Dataset entries:
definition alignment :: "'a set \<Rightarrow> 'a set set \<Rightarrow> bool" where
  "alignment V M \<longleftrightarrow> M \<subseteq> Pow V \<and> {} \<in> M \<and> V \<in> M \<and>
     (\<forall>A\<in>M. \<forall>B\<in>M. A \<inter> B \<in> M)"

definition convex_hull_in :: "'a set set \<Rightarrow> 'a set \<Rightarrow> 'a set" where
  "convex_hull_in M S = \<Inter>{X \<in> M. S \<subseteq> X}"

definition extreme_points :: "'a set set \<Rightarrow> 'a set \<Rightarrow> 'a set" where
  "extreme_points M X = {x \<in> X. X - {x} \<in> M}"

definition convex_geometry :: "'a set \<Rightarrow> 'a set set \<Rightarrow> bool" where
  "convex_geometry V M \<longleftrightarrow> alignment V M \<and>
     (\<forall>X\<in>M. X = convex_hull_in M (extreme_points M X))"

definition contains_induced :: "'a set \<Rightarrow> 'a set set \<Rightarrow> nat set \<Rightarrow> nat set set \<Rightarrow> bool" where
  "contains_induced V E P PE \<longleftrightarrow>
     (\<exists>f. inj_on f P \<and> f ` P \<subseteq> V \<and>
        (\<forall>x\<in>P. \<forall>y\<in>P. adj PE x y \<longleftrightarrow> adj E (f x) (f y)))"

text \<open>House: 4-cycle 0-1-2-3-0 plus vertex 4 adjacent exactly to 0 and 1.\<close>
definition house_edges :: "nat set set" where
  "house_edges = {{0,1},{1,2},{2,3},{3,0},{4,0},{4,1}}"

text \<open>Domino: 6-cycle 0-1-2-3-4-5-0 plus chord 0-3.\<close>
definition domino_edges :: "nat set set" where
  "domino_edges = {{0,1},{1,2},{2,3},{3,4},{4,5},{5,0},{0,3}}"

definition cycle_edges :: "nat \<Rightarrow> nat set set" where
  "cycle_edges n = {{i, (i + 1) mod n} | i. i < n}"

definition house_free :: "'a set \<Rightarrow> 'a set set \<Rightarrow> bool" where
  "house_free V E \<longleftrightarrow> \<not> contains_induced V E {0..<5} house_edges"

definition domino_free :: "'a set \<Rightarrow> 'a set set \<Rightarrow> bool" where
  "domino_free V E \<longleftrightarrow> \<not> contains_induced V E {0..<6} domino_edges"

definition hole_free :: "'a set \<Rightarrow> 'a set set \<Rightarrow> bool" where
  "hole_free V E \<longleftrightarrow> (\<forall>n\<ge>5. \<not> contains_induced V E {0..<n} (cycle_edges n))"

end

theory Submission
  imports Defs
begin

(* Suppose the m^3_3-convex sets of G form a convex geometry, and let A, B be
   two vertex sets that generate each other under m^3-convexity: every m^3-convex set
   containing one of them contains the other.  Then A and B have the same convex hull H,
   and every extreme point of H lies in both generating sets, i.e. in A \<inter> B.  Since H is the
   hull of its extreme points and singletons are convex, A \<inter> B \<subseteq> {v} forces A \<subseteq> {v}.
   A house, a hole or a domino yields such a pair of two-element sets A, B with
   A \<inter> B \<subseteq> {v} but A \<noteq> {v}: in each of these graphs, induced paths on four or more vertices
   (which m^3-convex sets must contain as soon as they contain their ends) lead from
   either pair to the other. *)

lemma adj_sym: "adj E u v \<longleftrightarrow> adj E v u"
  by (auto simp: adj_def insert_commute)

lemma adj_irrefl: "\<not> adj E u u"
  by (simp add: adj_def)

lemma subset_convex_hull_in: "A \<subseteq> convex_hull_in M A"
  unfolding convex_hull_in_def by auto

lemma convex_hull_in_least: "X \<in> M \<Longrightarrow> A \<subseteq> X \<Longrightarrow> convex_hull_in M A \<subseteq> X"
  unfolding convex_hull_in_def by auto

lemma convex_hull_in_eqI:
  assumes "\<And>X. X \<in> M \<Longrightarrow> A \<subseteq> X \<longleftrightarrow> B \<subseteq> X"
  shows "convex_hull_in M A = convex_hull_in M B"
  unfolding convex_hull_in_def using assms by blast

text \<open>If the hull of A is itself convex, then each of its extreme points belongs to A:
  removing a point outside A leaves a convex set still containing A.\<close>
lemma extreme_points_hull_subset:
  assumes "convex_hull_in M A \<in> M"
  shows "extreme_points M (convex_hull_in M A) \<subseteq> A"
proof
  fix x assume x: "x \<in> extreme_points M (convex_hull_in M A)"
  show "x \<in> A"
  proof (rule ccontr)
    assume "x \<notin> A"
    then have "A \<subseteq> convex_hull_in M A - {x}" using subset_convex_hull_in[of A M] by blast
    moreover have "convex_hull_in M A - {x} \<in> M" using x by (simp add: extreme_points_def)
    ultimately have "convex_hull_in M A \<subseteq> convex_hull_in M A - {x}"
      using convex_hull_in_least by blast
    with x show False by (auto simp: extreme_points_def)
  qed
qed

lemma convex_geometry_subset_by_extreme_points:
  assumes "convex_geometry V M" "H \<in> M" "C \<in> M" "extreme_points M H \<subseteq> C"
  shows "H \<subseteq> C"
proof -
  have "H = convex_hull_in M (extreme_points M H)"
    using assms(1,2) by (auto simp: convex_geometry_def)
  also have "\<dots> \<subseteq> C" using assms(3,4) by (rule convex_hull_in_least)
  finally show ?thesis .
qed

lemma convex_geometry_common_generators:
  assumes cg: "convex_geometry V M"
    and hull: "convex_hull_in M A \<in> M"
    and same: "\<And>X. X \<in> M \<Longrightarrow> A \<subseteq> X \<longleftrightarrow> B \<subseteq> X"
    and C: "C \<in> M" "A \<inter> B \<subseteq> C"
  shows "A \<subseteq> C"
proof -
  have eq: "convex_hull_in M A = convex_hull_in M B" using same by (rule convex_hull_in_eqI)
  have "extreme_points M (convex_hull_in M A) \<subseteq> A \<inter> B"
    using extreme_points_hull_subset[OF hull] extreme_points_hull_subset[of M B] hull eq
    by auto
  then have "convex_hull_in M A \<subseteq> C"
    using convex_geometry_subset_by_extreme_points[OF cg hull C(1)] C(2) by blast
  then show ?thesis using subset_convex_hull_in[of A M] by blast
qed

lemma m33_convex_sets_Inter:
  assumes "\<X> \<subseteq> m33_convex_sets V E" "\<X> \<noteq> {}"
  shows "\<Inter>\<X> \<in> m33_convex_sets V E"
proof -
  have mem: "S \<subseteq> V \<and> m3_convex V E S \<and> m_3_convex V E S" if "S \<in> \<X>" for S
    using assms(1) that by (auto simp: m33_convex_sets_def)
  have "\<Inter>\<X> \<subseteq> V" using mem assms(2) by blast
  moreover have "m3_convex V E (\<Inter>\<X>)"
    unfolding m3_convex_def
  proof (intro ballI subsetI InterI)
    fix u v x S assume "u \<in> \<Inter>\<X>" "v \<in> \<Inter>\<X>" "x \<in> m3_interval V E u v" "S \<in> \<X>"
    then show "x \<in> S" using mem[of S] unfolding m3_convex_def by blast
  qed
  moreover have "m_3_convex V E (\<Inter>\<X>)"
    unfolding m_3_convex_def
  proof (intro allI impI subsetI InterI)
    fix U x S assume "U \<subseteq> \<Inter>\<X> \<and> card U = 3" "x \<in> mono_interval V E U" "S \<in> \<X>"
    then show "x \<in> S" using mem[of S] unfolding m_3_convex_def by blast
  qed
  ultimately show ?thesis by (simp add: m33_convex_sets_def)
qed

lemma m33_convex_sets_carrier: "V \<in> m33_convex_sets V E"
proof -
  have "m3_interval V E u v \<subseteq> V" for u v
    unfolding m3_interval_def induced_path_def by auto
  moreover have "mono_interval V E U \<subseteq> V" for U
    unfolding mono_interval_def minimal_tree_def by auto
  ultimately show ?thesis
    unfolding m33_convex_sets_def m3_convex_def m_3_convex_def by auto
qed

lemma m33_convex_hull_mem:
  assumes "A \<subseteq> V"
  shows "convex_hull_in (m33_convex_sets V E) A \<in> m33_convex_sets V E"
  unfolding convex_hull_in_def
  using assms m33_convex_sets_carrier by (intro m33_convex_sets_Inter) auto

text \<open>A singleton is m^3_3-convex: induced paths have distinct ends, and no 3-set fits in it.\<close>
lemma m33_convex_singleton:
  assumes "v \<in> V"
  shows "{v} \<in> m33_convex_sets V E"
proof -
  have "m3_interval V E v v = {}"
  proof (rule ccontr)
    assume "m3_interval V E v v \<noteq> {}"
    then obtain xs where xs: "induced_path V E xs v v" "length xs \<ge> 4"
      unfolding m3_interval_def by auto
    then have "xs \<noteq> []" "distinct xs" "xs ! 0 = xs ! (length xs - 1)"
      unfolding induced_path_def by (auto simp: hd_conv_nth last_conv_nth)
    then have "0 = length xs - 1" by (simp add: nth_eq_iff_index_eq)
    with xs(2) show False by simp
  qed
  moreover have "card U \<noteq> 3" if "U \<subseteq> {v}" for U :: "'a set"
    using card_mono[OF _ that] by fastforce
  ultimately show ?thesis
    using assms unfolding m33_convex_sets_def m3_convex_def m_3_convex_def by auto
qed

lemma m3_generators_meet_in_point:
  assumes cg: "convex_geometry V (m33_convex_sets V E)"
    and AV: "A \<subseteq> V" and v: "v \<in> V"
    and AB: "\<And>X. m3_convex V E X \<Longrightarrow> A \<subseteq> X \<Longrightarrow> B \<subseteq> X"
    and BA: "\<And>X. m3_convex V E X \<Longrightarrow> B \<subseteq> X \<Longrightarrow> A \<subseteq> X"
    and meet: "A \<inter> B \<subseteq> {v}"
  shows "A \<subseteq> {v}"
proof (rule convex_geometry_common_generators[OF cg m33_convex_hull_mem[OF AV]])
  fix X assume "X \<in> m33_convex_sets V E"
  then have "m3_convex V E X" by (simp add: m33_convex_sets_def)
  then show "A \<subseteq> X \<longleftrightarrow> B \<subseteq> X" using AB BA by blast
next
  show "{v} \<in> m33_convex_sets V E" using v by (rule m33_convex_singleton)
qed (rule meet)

• **Task brief**:
Please return exactly the lines from the opening line of the data above through the line with "(\<forall>X\<in>M. X = convex_hull_in", both included and nothing else.

• **Worked solution**:
definition alignment :: "'a set \<Rightarrow> 'a set set \<Rightarrow> bool" where
  "alignment V M \<longleftrightarrow> M \<subseteq> Pow V \<and> {} \<in> M \<and> V \<in> M \<and>
     (\<forall>A\<in>M. \<forall>B\<in>M. A \<inter> B \<in> M)"

definition convex_hull_in :: "'a set set \<Rightarrow> 'a set \<Rightarrow> 'a set" where
  "convex_hull_in M S = \<Inter>{X \<in> M. S \<subseteq> X}"

definition extreme_points :: "'a set set \<Rightarrow> 'a set \<Rightarrow> 'a set" where
  "extreme_points M X = {x \<in> X. X - {x} \<in> M}"

definition convex_geometry :: "'a set \<Rightarrow> 'a set set \<Rightarrow> bool" where
  "convex_geometry V M \<longleftrightarrow> alignment V M \<and>
     (\<forall>X\<in>M. X = convex_hull_in M (extreme_points M X))"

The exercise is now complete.